[Material supplied]
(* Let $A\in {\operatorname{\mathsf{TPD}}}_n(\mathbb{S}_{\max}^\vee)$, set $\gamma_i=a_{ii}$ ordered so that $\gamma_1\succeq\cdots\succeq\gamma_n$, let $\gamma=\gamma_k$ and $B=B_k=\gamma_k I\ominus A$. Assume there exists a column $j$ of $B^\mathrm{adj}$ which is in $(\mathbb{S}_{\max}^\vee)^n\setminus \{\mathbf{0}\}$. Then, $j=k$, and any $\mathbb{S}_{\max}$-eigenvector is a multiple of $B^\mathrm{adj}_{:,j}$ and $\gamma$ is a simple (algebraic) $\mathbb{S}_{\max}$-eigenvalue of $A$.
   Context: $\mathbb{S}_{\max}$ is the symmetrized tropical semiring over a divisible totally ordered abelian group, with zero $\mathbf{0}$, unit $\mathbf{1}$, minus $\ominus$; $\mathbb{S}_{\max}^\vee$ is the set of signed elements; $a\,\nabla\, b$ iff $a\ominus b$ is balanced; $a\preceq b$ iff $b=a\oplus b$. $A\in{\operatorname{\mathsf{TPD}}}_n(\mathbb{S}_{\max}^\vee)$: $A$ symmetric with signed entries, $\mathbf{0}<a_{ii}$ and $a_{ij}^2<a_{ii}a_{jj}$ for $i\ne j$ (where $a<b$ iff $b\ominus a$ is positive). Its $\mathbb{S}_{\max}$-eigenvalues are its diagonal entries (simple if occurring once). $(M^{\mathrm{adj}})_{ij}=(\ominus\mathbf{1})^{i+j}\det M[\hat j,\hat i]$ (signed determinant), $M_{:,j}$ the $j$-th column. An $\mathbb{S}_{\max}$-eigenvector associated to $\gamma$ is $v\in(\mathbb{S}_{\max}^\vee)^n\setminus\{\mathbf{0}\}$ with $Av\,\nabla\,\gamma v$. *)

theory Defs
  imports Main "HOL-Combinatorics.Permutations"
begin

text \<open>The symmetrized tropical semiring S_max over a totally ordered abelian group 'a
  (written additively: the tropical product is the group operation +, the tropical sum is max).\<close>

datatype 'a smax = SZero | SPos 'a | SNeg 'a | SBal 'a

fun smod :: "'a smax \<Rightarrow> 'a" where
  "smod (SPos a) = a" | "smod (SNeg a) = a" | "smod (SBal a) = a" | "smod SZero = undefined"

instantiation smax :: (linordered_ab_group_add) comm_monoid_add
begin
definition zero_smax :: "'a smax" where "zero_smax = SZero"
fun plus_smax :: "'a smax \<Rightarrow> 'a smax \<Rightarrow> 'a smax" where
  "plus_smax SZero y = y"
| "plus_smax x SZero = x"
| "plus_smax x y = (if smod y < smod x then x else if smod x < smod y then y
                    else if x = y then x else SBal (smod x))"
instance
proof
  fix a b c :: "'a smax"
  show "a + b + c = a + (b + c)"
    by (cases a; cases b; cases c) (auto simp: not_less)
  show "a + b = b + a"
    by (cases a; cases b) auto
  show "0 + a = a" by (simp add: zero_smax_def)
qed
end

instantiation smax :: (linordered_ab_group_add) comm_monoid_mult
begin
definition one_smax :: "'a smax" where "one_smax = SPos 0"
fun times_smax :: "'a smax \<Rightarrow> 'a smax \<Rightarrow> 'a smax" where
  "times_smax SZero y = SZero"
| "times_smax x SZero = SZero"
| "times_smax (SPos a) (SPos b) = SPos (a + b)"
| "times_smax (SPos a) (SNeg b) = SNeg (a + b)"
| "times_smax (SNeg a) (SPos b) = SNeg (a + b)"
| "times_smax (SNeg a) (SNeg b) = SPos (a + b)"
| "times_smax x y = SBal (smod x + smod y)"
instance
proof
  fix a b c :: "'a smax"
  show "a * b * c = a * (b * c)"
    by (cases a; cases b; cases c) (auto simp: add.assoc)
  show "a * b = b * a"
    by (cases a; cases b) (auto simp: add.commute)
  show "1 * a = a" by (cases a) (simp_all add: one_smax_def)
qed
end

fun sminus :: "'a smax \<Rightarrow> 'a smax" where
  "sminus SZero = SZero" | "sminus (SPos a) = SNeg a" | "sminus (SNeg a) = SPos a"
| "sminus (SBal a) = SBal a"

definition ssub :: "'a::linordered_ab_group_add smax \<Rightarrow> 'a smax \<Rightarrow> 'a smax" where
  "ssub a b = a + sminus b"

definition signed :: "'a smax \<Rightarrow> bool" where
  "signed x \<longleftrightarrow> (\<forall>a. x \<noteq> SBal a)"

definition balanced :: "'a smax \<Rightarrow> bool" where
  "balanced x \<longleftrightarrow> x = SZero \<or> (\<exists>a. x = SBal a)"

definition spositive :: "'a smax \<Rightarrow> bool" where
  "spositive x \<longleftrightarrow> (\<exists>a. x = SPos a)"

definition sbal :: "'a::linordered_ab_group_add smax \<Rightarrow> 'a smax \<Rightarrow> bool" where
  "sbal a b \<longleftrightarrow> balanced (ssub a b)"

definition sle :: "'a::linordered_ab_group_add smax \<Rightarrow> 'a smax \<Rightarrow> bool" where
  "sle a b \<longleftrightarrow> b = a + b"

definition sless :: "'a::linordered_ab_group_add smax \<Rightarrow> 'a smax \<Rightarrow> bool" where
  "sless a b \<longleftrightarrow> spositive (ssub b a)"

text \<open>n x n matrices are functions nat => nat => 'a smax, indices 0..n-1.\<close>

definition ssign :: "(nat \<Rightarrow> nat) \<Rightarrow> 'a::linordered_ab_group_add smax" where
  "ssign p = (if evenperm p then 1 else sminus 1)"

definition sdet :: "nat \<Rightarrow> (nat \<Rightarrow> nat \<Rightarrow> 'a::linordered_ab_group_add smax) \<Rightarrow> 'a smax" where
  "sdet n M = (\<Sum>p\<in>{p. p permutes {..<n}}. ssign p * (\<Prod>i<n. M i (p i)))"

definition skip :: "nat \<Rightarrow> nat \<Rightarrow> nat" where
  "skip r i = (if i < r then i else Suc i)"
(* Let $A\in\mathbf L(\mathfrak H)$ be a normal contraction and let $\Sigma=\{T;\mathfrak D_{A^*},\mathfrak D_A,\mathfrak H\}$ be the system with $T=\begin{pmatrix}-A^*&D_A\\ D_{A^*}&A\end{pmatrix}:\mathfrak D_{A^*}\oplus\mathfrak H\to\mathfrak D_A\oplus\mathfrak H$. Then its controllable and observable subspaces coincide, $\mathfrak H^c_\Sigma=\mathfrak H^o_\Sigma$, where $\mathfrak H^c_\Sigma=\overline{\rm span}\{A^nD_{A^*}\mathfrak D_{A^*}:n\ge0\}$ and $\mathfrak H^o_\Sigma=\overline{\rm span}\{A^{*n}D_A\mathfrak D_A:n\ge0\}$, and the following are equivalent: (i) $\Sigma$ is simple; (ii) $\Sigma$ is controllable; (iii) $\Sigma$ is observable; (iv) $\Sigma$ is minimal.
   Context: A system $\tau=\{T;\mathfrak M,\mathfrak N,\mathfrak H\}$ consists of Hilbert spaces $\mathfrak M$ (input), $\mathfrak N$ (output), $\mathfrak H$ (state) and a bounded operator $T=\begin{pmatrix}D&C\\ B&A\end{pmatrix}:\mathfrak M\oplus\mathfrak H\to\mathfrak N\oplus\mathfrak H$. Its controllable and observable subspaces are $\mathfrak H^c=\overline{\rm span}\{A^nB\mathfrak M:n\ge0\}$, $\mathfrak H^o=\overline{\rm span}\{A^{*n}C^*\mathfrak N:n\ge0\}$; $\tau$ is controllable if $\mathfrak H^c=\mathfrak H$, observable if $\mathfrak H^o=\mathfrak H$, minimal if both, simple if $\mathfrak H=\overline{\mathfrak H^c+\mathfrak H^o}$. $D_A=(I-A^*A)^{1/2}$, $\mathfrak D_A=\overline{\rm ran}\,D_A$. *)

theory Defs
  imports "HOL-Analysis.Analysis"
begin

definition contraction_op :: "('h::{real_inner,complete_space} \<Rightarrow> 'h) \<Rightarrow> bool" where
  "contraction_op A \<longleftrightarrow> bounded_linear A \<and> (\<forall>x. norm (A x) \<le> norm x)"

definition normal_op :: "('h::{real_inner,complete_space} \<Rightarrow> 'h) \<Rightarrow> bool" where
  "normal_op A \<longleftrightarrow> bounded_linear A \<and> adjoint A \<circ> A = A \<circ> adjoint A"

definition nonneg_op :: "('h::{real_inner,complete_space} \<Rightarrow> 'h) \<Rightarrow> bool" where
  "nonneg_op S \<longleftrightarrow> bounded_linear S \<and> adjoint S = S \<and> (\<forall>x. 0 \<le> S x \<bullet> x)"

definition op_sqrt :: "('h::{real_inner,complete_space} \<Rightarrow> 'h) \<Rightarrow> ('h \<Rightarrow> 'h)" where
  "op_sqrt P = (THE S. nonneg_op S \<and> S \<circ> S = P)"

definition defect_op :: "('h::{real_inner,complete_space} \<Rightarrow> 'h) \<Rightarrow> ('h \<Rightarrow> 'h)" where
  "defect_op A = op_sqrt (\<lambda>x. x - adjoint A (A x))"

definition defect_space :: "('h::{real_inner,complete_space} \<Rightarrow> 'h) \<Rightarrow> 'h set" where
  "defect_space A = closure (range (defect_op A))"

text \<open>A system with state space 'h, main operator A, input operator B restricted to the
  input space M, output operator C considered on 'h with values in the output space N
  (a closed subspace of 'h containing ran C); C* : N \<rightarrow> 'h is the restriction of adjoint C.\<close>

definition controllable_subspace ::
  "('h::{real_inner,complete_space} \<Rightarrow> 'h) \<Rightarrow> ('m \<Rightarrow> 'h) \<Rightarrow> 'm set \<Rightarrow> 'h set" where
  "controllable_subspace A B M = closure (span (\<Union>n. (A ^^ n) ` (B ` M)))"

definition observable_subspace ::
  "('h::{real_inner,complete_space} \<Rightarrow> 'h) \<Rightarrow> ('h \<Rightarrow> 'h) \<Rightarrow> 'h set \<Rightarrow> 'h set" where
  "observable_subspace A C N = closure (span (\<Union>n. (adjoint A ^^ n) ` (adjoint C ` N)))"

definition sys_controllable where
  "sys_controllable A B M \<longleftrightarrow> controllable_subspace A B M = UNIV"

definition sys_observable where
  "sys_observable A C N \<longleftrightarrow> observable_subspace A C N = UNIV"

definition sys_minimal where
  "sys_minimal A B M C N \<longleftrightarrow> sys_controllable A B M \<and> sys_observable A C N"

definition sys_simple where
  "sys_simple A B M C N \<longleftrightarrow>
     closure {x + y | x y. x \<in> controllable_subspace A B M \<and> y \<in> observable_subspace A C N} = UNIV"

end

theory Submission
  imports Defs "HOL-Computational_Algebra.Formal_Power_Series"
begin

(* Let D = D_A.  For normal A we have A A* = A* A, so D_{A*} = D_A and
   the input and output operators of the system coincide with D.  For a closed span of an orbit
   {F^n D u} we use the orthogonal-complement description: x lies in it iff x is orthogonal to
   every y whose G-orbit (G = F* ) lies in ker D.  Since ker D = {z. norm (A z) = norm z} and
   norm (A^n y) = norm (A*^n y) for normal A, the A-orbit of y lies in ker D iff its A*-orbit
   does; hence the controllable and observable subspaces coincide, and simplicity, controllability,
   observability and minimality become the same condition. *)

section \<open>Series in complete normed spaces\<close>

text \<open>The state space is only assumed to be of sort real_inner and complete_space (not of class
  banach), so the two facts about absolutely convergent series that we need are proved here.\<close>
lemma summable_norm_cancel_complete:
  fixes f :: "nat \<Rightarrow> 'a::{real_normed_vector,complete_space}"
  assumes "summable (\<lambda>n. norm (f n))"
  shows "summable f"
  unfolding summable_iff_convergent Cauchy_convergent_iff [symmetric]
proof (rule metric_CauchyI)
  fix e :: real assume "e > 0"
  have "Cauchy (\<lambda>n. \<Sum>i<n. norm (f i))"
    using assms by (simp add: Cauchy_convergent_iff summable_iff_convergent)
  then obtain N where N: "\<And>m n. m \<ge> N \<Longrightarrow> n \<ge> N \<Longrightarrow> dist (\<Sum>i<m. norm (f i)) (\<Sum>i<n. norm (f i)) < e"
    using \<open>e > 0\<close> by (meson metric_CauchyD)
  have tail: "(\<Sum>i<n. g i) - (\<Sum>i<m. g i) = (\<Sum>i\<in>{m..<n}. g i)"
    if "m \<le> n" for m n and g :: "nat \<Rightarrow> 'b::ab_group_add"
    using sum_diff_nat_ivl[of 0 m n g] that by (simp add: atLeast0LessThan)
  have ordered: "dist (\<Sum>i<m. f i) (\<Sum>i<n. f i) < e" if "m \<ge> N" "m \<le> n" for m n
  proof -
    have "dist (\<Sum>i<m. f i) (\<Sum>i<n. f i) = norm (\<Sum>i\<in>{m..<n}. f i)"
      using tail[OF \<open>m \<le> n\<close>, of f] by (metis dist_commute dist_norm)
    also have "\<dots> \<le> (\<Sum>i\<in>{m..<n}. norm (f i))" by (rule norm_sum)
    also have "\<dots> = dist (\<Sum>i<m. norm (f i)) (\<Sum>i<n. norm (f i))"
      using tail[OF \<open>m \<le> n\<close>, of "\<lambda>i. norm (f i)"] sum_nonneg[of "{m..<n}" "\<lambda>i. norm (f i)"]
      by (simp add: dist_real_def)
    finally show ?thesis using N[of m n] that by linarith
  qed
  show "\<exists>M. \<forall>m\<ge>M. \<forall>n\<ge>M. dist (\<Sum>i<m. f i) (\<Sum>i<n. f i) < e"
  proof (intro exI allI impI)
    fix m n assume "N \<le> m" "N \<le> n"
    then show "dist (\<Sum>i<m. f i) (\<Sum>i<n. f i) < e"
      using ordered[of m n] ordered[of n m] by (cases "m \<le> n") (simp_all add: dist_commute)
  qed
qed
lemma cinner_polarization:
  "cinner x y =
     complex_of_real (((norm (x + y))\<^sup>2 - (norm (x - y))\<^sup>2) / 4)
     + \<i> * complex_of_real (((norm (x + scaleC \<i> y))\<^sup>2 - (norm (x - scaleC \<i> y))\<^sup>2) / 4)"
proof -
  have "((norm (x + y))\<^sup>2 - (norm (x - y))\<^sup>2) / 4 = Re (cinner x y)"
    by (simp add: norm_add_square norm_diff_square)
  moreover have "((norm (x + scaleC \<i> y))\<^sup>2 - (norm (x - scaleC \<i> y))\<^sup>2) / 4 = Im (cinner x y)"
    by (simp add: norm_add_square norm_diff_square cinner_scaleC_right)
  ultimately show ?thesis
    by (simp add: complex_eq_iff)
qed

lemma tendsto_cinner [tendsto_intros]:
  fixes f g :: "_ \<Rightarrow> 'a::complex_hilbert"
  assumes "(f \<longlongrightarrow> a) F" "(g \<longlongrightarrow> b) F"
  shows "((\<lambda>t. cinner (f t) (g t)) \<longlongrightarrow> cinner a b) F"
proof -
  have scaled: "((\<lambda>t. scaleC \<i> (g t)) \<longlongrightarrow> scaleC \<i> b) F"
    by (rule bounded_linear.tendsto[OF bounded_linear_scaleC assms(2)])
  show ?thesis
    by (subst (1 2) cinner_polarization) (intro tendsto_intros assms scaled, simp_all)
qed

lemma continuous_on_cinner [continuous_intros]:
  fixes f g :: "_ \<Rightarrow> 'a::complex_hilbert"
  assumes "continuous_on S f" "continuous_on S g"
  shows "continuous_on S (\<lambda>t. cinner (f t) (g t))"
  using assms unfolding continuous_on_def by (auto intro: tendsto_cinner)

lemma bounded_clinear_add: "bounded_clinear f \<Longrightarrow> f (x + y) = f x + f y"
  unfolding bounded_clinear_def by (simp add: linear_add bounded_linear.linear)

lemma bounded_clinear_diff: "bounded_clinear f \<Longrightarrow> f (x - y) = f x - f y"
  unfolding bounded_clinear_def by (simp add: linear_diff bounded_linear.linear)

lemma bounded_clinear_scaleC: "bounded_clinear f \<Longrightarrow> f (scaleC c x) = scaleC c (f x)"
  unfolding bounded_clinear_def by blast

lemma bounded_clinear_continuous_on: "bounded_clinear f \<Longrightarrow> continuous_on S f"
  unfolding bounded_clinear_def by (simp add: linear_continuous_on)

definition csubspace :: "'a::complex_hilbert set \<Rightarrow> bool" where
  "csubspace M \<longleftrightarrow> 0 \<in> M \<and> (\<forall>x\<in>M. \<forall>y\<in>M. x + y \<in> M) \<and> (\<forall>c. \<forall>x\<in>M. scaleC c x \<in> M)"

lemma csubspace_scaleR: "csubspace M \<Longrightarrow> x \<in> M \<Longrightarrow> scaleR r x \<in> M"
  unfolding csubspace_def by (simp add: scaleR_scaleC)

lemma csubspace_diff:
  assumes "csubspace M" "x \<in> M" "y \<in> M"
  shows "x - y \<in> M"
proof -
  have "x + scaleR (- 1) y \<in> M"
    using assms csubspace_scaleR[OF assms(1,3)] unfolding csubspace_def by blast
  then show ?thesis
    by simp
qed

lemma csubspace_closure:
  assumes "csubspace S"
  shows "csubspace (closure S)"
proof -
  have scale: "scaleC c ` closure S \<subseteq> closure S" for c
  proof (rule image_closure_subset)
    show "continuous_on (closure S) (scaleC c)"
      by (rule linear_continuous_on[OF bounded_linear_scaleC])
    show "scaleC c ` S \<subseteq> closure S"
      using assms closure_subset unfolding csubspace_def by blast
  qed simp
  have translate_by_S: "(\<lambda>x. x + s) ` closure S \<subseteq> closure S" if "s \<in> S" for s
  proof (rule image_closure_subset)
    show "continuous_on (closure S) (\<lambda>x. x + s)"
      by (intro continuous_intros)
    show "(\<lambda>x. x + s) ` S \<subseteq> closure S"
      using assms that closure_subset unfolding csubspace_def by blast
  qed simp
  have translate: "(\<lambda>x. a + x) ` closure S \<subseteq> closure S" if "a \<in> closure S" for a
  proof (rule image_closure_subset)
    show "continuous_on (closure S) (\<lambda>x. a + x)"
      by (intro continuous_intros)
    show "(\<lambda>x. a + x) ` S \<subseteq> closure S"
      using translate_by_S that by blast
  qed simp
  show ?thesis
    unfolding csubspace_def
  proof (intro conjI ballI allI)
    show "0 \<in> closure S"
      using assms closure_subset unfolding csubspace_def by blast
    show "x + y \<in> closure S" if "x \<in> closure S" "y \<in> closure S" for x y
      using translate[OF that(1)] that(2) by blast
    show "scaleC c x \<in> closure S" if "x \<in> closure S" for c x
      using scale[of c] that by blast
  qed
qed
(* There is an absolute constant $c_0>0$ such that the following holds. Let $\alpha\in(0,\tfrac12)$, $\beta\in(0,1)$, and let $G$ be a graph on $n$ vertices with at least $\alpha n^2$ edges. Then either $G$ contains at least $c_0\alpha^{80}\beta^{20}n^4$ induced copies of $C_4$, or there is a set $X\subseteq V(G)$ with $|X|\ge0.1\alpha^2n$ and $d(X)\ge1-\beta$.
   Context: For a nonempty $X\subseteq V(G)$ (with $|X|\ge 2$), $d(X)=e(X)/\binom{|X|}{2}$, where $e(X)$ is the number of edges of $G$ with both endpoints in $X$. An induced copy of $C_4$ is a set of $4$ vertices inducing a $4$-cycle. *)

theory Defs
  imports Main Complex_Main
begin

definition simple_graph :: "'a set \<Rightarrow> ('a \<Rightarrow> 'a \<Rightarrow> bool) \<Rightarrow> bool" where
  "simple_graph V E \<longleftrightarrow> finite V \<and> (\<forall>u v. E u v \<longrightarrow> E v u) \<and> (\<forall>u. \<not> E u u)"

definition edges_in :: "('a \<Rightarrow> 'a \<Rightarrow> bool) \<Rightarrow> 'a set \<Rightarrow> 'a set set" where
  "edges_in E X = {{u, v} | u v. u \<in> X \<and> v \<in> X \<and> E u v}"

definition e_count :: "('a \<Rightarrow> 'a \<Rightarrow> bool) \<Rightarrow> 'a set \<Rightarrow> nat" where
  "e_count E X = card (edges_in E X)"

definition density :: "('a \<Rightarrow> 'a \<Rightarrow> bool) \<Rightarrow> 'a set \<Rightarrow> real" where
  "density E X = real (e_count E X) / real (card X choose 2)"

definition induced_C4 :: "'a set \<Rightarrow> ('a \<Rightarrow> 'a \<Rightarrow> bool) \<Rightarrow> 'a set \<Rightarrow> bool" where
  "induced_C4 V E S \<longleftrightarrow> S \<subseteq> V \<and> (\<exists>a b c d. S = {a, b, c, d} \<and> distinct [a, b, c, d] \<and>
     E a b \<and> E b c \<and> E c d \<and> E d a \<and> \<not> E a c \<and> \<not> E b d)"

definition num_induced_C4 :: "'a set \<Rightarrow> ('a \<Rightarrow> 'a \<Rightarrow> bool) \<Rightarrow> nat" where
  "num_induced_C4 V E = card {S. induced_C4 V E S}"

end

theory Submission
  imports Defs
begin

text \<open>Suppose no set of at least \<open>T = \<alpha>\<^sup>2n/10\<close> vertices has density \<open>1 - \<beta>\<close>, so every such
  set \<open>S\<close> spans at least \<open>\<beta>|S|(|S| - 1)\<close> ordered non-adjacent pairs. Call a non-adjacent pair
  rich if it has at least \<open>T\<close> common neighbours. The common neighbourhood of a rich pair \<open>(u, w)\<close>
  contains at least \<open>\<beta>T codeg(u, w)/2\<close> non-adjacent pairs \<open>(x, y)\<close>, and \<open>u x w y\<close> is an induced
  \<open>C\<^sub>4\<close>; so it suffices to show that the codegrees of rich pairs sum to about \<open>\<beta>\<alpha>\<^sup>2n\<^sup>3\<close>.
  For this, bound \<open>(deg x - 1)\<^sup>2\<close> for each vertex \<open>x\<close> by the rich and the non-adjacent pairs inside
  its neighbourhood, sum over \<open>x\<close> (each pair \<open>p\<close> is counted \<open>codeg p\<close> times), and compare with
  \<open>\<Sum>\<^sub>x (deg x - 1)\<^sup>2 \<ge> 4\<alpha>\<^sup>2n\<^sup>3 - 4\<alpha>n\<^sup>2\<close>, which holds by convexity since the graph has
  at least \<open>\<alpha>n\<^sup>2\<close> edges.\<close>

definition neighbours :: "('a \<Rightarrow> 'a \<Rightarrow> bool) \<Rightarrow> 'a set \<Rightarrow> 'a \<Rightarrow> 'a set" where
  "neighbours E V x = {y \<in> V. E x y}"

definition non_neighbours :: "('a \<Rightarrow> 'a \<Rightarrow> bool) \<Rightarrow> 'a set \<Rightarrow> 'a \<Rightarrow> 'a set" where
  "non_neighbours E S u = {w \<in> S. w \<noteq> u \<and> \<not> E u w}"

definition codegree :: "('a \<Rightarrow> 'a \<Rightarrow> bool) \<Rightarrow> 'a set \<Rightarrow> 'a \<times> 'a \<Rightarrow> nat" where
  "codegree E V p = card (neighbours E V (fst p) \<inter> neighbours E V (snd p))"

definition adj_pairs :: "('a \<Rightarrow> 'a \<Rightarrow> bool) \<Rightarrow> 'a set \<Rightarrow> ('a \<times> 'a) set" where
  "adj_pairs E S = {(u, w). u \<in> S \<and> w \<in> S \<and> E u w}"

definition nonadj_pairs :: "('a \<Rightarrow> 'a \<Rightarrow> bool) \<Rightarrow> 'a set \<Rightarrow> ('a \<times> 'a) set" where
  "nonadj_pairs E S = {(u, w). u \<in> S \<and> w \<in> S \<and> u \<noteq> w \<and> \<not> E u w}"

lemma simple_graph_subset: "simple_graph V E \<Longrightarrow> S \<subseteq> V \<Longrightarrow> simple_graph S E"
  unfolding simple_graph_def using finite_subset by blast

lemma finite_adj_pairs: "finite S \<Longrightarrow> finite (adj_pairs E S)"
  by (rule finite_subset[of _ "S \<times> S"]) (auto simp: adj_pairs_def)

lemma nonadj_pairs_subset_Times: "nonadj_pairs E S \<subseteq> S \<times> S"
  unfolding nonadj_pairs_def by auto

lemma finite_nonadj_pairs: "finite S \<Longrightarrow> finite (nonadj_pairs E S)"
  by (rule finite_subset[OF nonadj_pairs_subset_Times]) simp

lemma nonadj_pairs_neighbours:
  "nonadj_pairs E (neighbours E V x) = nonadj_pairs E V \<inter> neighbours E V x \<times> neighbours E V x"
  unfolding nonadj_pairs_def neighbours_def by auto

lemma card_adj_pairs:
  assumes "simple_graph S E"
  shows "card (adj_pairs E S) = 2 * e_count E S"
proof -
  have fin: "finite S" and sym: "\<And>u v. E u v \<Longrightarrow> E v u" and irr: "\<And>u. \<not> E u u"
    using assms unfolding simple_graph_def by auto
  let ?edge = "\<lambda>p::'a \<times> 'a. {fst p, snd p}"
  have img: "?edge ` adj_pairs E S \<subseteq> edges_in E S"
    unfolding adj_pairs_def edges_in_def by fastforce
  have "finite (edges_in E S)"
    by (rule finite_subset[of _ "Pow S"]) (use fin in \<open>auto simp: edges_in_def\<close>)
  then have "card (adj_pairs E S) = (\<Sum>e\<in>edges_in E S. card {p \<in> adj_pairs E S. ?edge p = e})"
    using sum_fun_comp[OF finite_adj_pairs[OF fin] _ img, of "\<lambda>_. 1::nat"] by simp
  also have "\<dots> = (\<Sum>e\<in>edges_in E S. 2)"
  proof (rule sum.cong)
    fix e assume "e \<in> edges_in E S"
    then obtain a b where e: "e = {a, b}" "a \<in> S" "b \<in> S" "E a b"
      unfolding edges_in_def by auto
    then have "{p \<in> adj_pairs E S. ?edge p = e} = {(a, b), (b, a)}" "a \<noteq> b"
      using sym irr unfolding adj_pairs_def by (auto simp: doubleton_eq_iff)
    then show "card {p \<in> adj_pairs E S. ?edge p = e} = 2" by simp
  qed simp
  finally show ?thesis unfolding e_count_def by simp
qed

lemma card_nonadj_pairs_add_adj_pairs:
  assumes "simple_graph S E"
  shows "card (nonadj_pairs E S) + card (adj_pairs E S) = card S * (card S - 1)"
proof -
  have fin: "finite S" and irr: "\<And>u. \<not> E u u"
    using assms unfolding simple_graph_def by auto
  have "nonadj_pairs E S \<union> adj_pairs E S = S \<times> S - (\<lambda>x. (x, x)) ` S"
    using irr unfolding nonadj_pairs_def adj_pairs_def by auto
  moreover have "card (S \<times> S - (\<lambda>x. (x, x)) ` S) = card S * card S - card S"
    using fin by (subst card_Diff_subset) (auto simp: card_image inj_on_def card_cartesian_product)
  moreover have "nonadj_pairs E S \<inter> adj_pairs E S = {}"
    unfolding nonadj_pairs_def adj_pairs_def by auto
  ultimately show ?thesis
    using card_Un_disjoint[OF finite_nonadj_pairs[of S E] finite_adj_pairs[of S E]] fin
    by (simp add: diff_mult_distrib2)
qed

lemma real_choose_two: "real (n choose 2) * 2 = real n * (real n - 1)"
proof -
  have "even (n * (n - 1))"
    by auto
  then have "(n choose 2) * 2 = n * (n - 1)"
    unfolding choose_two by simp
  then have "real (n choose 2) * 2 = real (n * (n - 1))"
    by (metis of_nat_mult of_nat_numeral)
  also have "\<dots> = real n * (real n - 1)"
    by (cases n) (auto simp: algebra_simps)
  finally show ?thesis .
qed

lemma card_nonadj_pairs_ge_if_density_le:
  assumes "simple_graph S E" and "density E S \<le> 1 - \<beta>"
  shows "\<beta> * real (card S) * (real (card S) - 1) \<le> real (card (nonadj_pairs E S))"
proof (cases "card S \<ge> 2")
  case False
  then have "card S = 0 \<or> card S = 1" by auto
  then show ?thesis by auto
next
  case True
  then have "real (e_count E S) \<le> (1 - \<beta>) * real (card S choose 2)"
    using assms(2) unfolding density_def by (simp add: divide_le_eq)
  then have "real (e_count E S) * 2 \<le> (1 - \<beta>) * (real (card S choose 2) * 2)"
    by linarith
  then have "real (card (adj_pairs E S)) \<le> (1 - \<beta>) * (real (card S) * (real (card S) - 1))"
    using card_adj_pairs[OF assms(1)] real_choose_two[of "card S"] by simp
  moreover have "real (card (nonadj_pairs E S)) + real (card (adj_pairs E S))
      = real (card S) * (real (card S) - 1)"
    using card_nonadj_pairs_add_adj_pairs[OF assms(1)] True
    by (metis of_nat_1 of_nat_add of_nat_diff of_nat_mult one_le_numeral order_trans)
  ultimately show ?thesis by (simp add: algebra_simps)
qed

[Task to complete]
The answer must be every line of the data that holds the word "neighbourhood".

[Task response]
  rich if it has at least \<open>T\<close> common neighbours. The common neighbourhood of a rich pair \<open>(u, w)\<close>
  its neighbourhood, sum over \<open>x\<close> (each pair \<open>p\<close> is counted \<open>codeg p\<close> times), and compare with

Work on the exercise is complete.